The future success of National Highways depends on its ability to meet emerging challenges and changes to demands placed on the network. This will require improvements in its ability to identify issues, evidencing decisions and actions, acknowledging shortcomings, understanding root causes and implementing lessons learned. The company needs to take forward improvements it has already identified, notably entering each multi-year road period with clear, unambiguous plans. Any deviation from these plans must be robustly justified, with transparent evidence and a clear articulation of the impact on network performance, road users and the investment of public funds.
Through our engagement with National Highways during this end of road period assessment, it has identified further lessons learned that it will apply moving forwards to drive better efficiency, delivery and performance. Specifically, the company has:
- developed a decision making framework to support whole company improvements to how it gathers and understands the evidence it uses to make decisions. From the interim period, we expect this to start generating better information and to allow National Highways to more proactively identify and react to emerging risks;
- set out a programme of analysis and research to improve its understanding of delays on the strategic road network (SRN) and support development of regional delay plans.
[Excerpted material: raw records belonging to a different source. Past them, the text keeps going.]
lemma mmd_le_2:
  assumes "prob_on S P" "prob_on S Q"
  shows "mmd \<kappa> P Q \<le> 2"
proof -
  have "mmd2 \<kappa> P Q \<le> 2\<^sup>2"
    using abs_kernel_pairing_le_1[OF assms(1,1)] abs_kernel_pairing_le_1[OF assms]
      abs_kernel_pairing_le_1[OF assms(2,2)]
    by (simp add: mmd2_kernel_pairing abs_le_iff)
  then show ?thesis
    unfolding mmd_def by (metis real_sqrt_le_mono real_sqrt_abs abs_numeral)
qed

lemma mmd_triangle:
  assumes P: "prob_on S P" and Q: "prob_on S Q" and R: "prob_on S R"
  shows "mmd \<kappa> P R \<le> mmd \<kappa> P Q + mmd \<kappa> Q R"
proof -
  let ?Qs = "(!) [P, Q, R]" and ?a = "(!) [1, -1, 0]" and ?b = "(!) [0, 1, -1]"
  have Qs: "prob_on S (?Qs i)" if "i < 3" for i
    using that P Q R by (auto simp: numeral_3_eq_3 less_Suc_eq)
  have "mmd2 \<kappa> P R = kernel_gram \<kappa> ?Qs 3 (\<lambda>i. ?a i + ?b i) (\<lambda>i. ?a i + ?b i)"
    "mmd2 \<kappa> P Q = kernel_gram \<kappa> ?Qs 3 ?a ?a" "mmd2 \<kappa> Q R = kernel_gram \<kappa> ?Qs 3 ?b ?b"
    using kernel_pairing_commute[OF P Q] kernel_pairing_commute[OF P R] kernel_pairing_commute[OF Q R]
    by (simp_all add: kernel_gram_def mmd2_kernel_pairing numeral_3_eq_3 lessThan_Suc)
  then show ?thesis
    unfolding mmd_def using kernel_gram_triangle[OF Qs] by simp
qed

lemma abs_diff_power2_mmd_le:
  assumes P: "prob_on S P" and P': "prob_on S P'" and R: "prob_on S R"
  shows "\<bar>(mmd \<kappa> P R)\<^sup>2 - (mmd \<kappa> P' R)\<^sup>2\<bar> \<le> 4 * mmd \<kappa> P P'"
proof -
  have "\<bar>mmd \<kappa> P R - mmd \<kappa> P' R\<bar> \<le> mmd \<kappa> P P'"
    using mmd_triangle[OF P P' R] mmd_triangle[OF P' P R] mmd_commute[OF P P'] by linarith
  moreover have "mmd \<kappa> P R + mmd \<kappa> P' R \<le> 4"
    using mmd_le_2[OF P R] mmd_le_2[OF P' R] by linarith
  ultimately have "\<bar>mmd \<kappa> P R - mmd \<kappa> P' R\<bar> * (mmd \<kappa> P R + mmd \<kappa> P' R) \<le> mmd \<kappa> P P' * 4"
    using mmd_nonneg[OF P R] mmd_nonneg[OF P' R] by (intro mult_mono) auto
  then show ?thesis
    by (simp add: power2_eq_square abs_mult square_diff_square_factored mult.commute
        mmd_nonneg[OF P R] mmd_nonneg[OF P' R])
qed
The aim of which is to improve National Highways’ ability to prioritise the actions that it takes to reduce delays to ensure that these are as targeted and effective as possible; and
- developed and implemented improved regional plans that demonstrated a more assured approach to achieving its national pavement condition KPI in the final year of RP2 compared to earlier in the period.
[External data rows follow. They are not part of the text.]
lemma adj_comp_lincomb:
  assumes "finite I" "finite J" "a \<in> confs d Y" "b \<in> confs d Y"
  shows "adj_comp d Y (\<lambda>j' j. \<Sum>k\<in>I. c1 k * F1 k j' j) (\<lambda>j' j. \<Sum>l\<in>J. c2 l * F2 l j' j) a b
    = (\<Sum>(k, l)\<in>I \<times> J. cnj (c1 k) * c2 l * adj_comp d Y (F1 k) (F2 l) a b)"
  using assms
  by (simp add: adj_comp_def sum.cartesian_product[symmetric] sum_product sum_distrib_left
      mult_ac sum.swap[where A = "confs d Y"] del: cnj_prod)

lemma scalar_on_code_adj_comp:
  assumes "d > 0" "finite X" "finite Y" "X \<inter> Y = {}" "\<forall>x\<in>X \<union> Y. \<forall>y\<in>X \<union> Y. \<Gamma> x y = \<Gamma> y x"
    and "\<forall>Z. Z \<subseteq> Y \<and> card Z \<le> 2 * f \<longrightarrow> nonsingular_submatrix d \<Gamma> (Y - Z) (X \<union> Z)"
    and "F1 \<in> error_space d Y f" "F2 \<in> error_space d Y f"
  shows "\<exists>c. scalar_on_code d X Y \<Gamma> (adj_comp d Y F1 F2) c"
proof -
  obtain N1 :: nat and c1 A where A: "\<forall>k<N1. card {y\<in>Y. \<not> is_id_mat d (A k y)} \<le> f"
    and F1: "F1 = (\<lambda>j' j. \<Sum>k<N1. c1 k * tensor_op Y (A k) j' j)"
    using assms(7) unfolding error_space_def mem_Collect_eq by blast
  obtain N2 :: nat and c2 B where B: "\<forall>l<N2. card {y\<in>Y. \<not> is_id_mat d (B l y)} \<le> f"
    and F2: "F2 = (\<lambda>j' j. \<Sum>l<N2. c2 l * tensor_op Y (B l) j' j)"
    using assms(8) unfolding error_space_def mem_Collect_eq by blast
  define T where "T kl = tensor_op Y (\<lambda>y. adj_mult_mat d (A (fst kl) y) (B (snd kl) y))" for kl
  have expansion: "\<forall>a\<in>confs d Y. \<forall>b\<in>confs d Y. adj_comp d Y F1 F2 a b
      = (\<Sum>kl\<in>{..<N1} \<times> {..<N2}. cnj (c1 (fst kl)) * c2 (snd kl) * T kl a b)"
    unfolding F1 F2 T_def
    by (simp add: adj_comp_lincomb adj_comp_tensor_op[OF assms(3)] case_prod_unfold)
  have "\<forall>kl\<in>{..<N1} \<times> {..<N2}. \<exists>c. scalar_on_code d X Y \<Gamma> (T kl) c"
  proof
    fix kl assume kl: "kl \<in> {..<N1} \<times> {..<N2}"
    define Z where "Z = {y\<in>Y. \<not> is_id_mat d (adj_mult_mat d (A (fst kl) y) (B (snd kl) y))}"
    have "card Z \<le> card {y\<in>Y. \<not> is_id_mat d (A (fst kl) y)} + card {y\<in>Y. \<not> is_id_mat d (B (snd kl) y)}"
      unfolding Z_def by (rule card_not_id_adj_mult_mat_le[OF assms(3)])
    also have "\<dots> \<le> 2 * f" using A B kl by fastforce
    finally have nonsingular: "nonsingular_submatrix d \<Gamma> (Y - Z) (X \<union> Z)"
      using assms(6) by (simp add: Z_def)
    show "\<exists>c. scalar_on_code d X Y \<Gamma> (T kl) c"
      unfolding T_def by (rule scalar_on_code_tensor_op[OF assms(1-5) _ nonsingular]) (auto simp: Z_def)
  qed
  from scalar_on_code_lincomb[OF this, of "\<lambda>kl. cnj (c1 (fst kl)) * c2 (snd kl)"]
  show ?thesis unfolding scalar_on_code_cong[OF expansion] .
qed

theorem corollary1:
  fixes d f :: nat and X Y :: "'a set" and \<Gamma> :: "'a \<Rightarrow> 'a \<Rightarrow> int"
  assumes "d \<ge> 2"
    and "finite X" and "finite Y" and "X \<inter> Y = {}"
    and "\<forall>x\<in>X \<union> Y. \<forall>y\<in>X \<union> Y. 0 \<le> \<Gamma> x y \<and> \<Gamma> x y < int d"
    and "\<forall>x\<in>X \<union> Y. \<forall>y\<in>X \<union> Y. \<Gamma> x y = \<Gamma> y x"
    and "\<forall>x\<in>X \<union> Y. \<Gamma> x x = 0"
    and "\<forall>Z. Z \<subseteq> Y \<and> card Z \<le> 2 * f \<longrightarrow>
           (\<forall>h :: 'a \<Rightarrow> int.
              (\<forall>y\<in>Y - Z. (\<Sum>x\<in>X \<union> Z. \<Gamma> y x * h x) mod int d = 0) \<longrightarrow>
              (\<forall>x\<in>X \<union> Z. h x mod int d = 0))"
  shows "corrects_errors d X Y (graph_code d X Y \<Gamma>) f"
proof -
  \<comment> \<open>The bounds on the entries of \<open>\<Gamma>\<close> and its zero diagonal are not needed.\<close>
  have "d > 0" using assms(1) by simp
  have nonsingular: "\<forall>Z. Z \<subseteq> Y \<and> card Z \<le> 2 * f \<longrightarrow> nonsingular_submatrix d \<Gamma> (Y - Z) (X \<union> Z)"
    using assms(8) unfolding nonsingular_submatrix_def by blast
  define \<omega> where "\<omega> G = (SOME c. scalar_on_code d X Y \<Gamma> G c)" for G
  show ?thesis
    unfolding corrects_errors_def
  proof (intro exI[of _ \<omega>] ballI allI)
    fix F1 F2 \<phi>1 \<phi>2
    assume "F1 \<in> error_space d Y f" "F2 \<in> error_space d Y f"
    then have "scalar_on_code d X Y \<Gamma> (adj_comp d Y F1 F2) (\<omega> (adj_comp d Y F1 F2))"
      unfolding \<omega>_def
      by (rule someI_ex[OF scalar_on_code_adj_comp[OF \<open>d > 0\<close> assms(2-4,6) nonsingular]])
    then show "inner_W d Y (graph_code d X Y \<Gamma> \<phi>1) (apply_op d Y (adj_comp d Y F1 F2) (graph_code d X Y \<Gamma> \<phi>2))
        = inner_W d X \<phi>1 \<phi>2 * \<omega> (adj_comp d Y F1 F2)"
      by (rule inner_graph_code_apply_op_scalar[OF assms(2)])
  qed
qed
In addition to those lessons identified by National Highways, on the basis of what we have observed of the company’s performance and delivery, and the work we have commissioned and undertaken over RP2, the company should also demonstrate going forward how it:
- has learned from RP2 the importance of evidencing the reasons for deviation from its original plans;
- continues to improve its capability to demonstrate the impacts of its decisions on the performance of, and future risks to, the network;
- continues to improve its asset management capability and understanding of its asset base, maturing its capability and governance to support growing renewals delivery; and
- has mitigated the causal factors of missed commitments (specifically commercial management and scheme asset data issues) to reduce the likelihood of future recurrence.
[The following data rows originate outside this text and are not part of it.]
definition commut :: "real^'d^'d \<Rightarrow> real^'d^'d \<Rightarrow> real^'d^'d" where
  "commut A B = A ** B - B ** A"

definition diagm :: "('d \<Rightarrow> real) \<Rightarrow> real^'d^'d" where
  "diagm L = (\<chi> i j. if i = j then L i else 0)"

definition skew :: "real^'d^'d \<Rightarrow> bool" where
  "skew A \<longleftrightarrow> transpose A = - A"

definition Kmat :: "real^'d^'d \<Rightarrow> real^'d^'d \<Rightarrow> real^'d^'d \<Rightarrow> real^'d^'d \<Rightarrow> real \<Rightarrow> real \<Rightarrow> real^'d^'d" where
  "Kmat U0 Y Mn Wn a s =
     (let U = U0 ** mexp (a *\<^sub>R Y) in transpose U ** (Mn + s *\<^sub>R Wn) ** U)"

end

theory Submission
  imports Defs
begin

text \<open>At \<open>(\<alpha>,\<sigma>) = (0,0)\<close> we have \<open>K\<^sub>n = U\<^sub>\<circ>\<^sup>T M\<^sub>n U\<^sub>\<circ>\<close>, so \<open>\<parallel>K\<^sub>n\<parallel> = \<parallel>M\<^sub>n\<parallel>\<close>, and
  \<open>\<partial>\<^sub>\<alpha>K\<^sub>n = K\<^sub>nY + Y\<^sup>TK\<^sub>n\<close>, \<open>\<partial>\<^sub>\<sigma>K\<^sub>n = U\<^sub>\<circ>\<^sup>TW\<^sub>nU\<^sub>\<circ>\<close> have norms at most \<open>2\<parallel>M\<^sub>n\<parallel>\<close> and \<open>1\<close>.
  Since \<open>low\<close> and \<open>[\<cdot>,X]\<close> are linear, they commute with differentiation; \<open>low\<close> is a
  contraction, \<open>\<parallel>[A,X]\<parallel> \<le> 2\<parallel>A\<parallel>\<parallel>X\<parallel>\<close> and \<open>|Tr(A\<^sup>TB)| \<le> \<parallel>A\<parallel>\<parallel>B\<parallel>\<close>, so every summand is at most
  \<open>16\<parallel>K\<^sub>n\<parallel>\<parallel>\<partial>K\<^sub>n\<parallel>\<parallel>X\<parallel>\<^sup>2\<close>. For \<open>\<sigma>\<close> the Cauchy-Schwarz inequality \<open>\<Sum>\<parallel>M\<^sub>n\<parallel> \<le> \<surd>N \<surd>(\<Sum>\<parallel>M\<^sub>n\<parallel>\<^sup>2)\<close>
  finishes the proof.\<close>

lemma norm_matrix_power2_rows: "(norm (A::real^'n^'m))\<^sup>2 = (\<Sum>i\<in>UNIV. (norm (A$i))\<^sup>2)"
  by (simp add: power2_norm_eq_inner inner_vec_def)

lemma norm_matrix_power2: "(norm (A::real^'n^'m))\<^sup>2 = (\<Sum>i\<in>UNIV. \<Sum>j\<in>UNIV. (A$i$j)\<^sup>2)"
  unfolding power2_norm_eq_inner by (simp add: inner_vec_def power2_eq_square)

lemma norm_transpose: "norm (transpose (A::real^'n^'m)) = norm A"
proof -
  have "(norm (transpose A))\<^sup>2 = (norm A)\<^sup>2"
    unfolding norm_matrix_power2 transpose_def by (simp, rule sum.swap)
  then show ?thesis by (simp add: power2_eq_iff_nonneg)
qed

lemma norm_matrix_mult_le: "norm ((A::real^'n^'m) ** (B::real^'p^'n)) \<le> norm A * norm B"
proof -
  have entry: "(A ** B)$i$j = A$i \<bullet> transpose B$j" for i j
    by (simp add: matrix_matrix_mult_def inner_vec_def transpose_def)
  have "(norm (A ** B))\<^sup>2 = (\<Sum>i\<in>UNIV. \<Sum>j\<in>UNIV. (A$i \<bullet> transpose B$j)\<^sup>2)"
    unfolding norm_matrix_power2 entry ..
  also have "\<dots> \<le> (\<Sum>i\<in>UNIV. \<Sum>j\<in>UNIV. (norm (A$i))\<^sup>2 * (norm (transpose B$j))\<^sup>2)"
    by (intro sum_mono) (metis Cauchy_Schwarz_ineq2 abs_le_square_iff abs_norm_cancel
        abs_mult power_mult_distrib)
  also have "\<dots> = (\<Sum>i\<in>UNIV. (norm (A$i))\<^sup>2) * (\<Sum>j\<in>UNIV. (norm (transpose B$j))\<^sup>2)"
    by (simp add: sum_product)
  also have "\<dots> = (norm A)\<^sup>2 * (norm (transpose B))\<^sup>2"
    by (simp only: norm_matrix_power2_rows)
  also have "\<dots> = (norm A * norm B)\<^sup>2"
    by (simp add: norm_transpose power_mult_distrib)
  finally show ?thesis by (simp add: power2_le_iff_abs_le)
qed

lemma norm_matrix_mult_orthogonal:
  assumes "orthogonal_matrix U"
  shows "norm ((A::real^'n^'m) ** (U::real^'n^'n)) = norm A"
proof -
  have "orthogonal_transformation ((*v) (transpose U))"
    using assms by (simp add: orthogonal_transformation_matrix matrix_vector_mul_linear)
  then have "norm (transpose U *v A$i) = norm (A$i)" for i
    by (rule orthogonal_transformation_norm)
  then have row: "norm ((A ** U)$i) = norm (A$i)" for i
    by (simp add: matrix_matrix_mult_def vector_matrix_mult_def matrix_vector_mult_def transpose_def
        vec_eq_iff mult.commute)
  have "(norm (A ** U))\<^sup>2 = (norm A)\<^sup>2"
    unfolding norm_matrix_power2_rows row ..
  then show ?thesis by (simp add: power2_eq_iff_nonneg)
qed

lemma norm_orthogonal_conj:
  assumes "orthogonal_matrix U"
  shows "norm (transpose U ** A ** U) = norm (A::real^'n^'n)"
proof -
  have "norm (transpose U ** A ** U) = norm (transpose (transpose U ** A))"
    using assms by (simp add: norm_matrix_mult_orthogonal norm_transpose)
  also have "\<dots> = norm (transpose A ** U)" by (simp add: matrix_transpose_mul)
  also have "\<dots> = norm A" using assms by (simp add: norm_matrix_mult_orthogonal norm_transpose)
  finally show ?thesis .
qed

lemma trace_transpose_mult: "trace (transpose (A::real^'n^'n) ** B) = A \<bullet> B"
  unfolding trace_def matrix_matrix_mult_def transpose_def inner_vec_def by (simp, rule sum.swap)

lemma norm_low_le: "norm (low A) \<le> norm A"
proof -
  have "(norm (low A))\<^sup>2 \<le> (norm A)\<^sup>2"
    unfolding norm_matrix_power2 low_def by (auto intro!: sum_mono)
  then show ?thesis by (simp add: power2_le_iff_abs_le)
qed

lemma norm_commut_le: "norm (commut A B) \<le> 2 * norm A * norm (B::real^'n^'n)"
proof -
  have "norm (commut A B) \<le> norm (A ** B) + norm (B ** A)"
    unfolding commut_def by (rule norm_triangle_ineq4)
  also have "\<dots> \<le> norm A * norm B + norm B * norm A"
    by (intro add_mono norm_matrix_mult_le)
  finally show ?thesis by simp
qed

lemma bounded_bilinear_matrix_mult: "bounded_bilinear ((**) :: real^'n^'m \<Rightarrow> real^'p^'n \<Rightarrow> _)"
proof
  show "\<exists>K. \<forall>a b. norm ((a::real^'n^'m) ** (b::real^'p^'n)) \<le> norm a * norm b * K"
    by (rule exI[of _ 1]) (simp add: norm_matrix_mult_le)
qed (simp_all add: matrix_matrix_mult_def vec_eq_iff sum.distrib algebra_simps sum_distrib_left)

lemma bounded_linear_transpose: "bounded_linear (transpose :: real^'n^'m \<Rightarrow> real^'m^'n)"
proof (rule bounded_linear_intro[where K=1])
  show "norm (transpose A) \<le> norm A * 1" for A :: "real^'n^'m" by (simp add: norm_transpose)
qed (simp_all add: transpose_def vec_eq_iff)

lemma bounded_linear_low: "bounded_linear low"
proof (rule bounded_linear_intro[where K=1])
  show "norm (low A) \<le> norm A * 1" for A by (simp add: norm_low_le)
qed (simp_all add: low_def vec_eq_iff)

lemma bounded_linear_commut_left: "bounded_linear (\<lambda>A::real^'n^'n. commut A X)"
  unfolding commut_def
  by (intro bounded_linear_sub bounded_bilinear.bounded_linear_left bounded_bilinear.bounded_linear_right
      bounded_bilinear_matrix_mult)

lemma vector_derivative_bounded_linear:
  assumes "bounded_linear L" and "(f has_vector_derivative D) (at x)"
  shows "vector_derivative (\<lambda>t. L (f t)) (at x) = L D"
  using bounded_linear.has_vector_derivative[OF assms] by (rule vector_derivative_at)

lemma norm_low_commut_le: "norm (low (commut A X)) \<le> 2 * norm A * norm X"
  using norm_low_le[of "commut A X"] norm_commut_le[of A X] by linarith

lemma norm_low_commut_commut_le: "norm (low (commut (commut A X) X)) \<le> 4 * norm A * (norm X)\<^sup>2"
proof -
  have "norm (low (commut (commut A X) X)) \<le> 2 * norm (commut A X) * norm X"
    by (rule norm_low_commut_le)
  also have "\<dots> \<le> 2 * (2 * norm A * norm X) * norm X"
    by (intro mult_right_mono mult_left_mono norm_commut_le) auto
  finally show ?thesis by (simp add: power2_eq_square algebra_simps)
qed

text \<open>The Frobenius norm is not unital: \<open>\<parallel>I\<parallel> = \<surd>d\<close>.\<close>

lemma norm_mpow_le: "norm (mpow A k) \<le> norm (mat 1::real^'n^'n) * norm (A::real^'n^'n) ^ k"
proof (induction k)
  case (Suc k)
  have "norm (mpow A (Suc k)) \<le> norm A * norm (mpow A k)"
    by (simp add: norm_matrix_mult_le)
  also have "\<dots> \<le> norm A * (norm (mat 1::real^'n^'n) * norm A ^ k)"
    by (rule mult_left_mono[OF Suc]) simp
  finally show ?case by (simp add: algebra_simps)
qed simp

lemma norm_mexp_term_le:
  "norm ((1 / fact k) *\<^sub>R mpow A k) \<le> norm (mat 1::real^'n^'n) * (inverse (fact k) * norm (A::real^'n^'n) ^ k)"
  using divide_right_mono[OF norm_mpow_le[of A k], of "fact k"] by (simp add: field_simps)

lemma summable_norm_mexp_series: "summable (\<lambda>k. norm ((1 / fact k) *\<^sub>R mpow (A::real^'n^'n) k))"
  by (rule summable_comparison_test[OF _ summable_mult[OF summable_exp]])
    (use norm_mexp_term_le in auto)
We have seen evidence that the improvements that National Highways has delivered in RP2 – internal capability improvements and deeper understanding of what it needs to deliver, the trade-offs it must make and how best to make those – are resulting in better outcomes for road users and communities. However, it is important that the company continues to improve how it uses evidence to demonstrate that it is making the best use of public funds as it prioritises its activities for the benefit of road users. Based on the commitments from the company to implement the improvements that it has identified, that we expect to be in the form of a plan, on balance, we have not identified any non-compliance that warrants further action by us.
We will work with National Highways and the Department over the interim period, and as the third road investment strategy (RIS3) is developed, to ensure that these lessons are embedded and applied. This will help to set the company up for long term success and deliver better outcomes for road users, taxpayers and communities and support economic growth.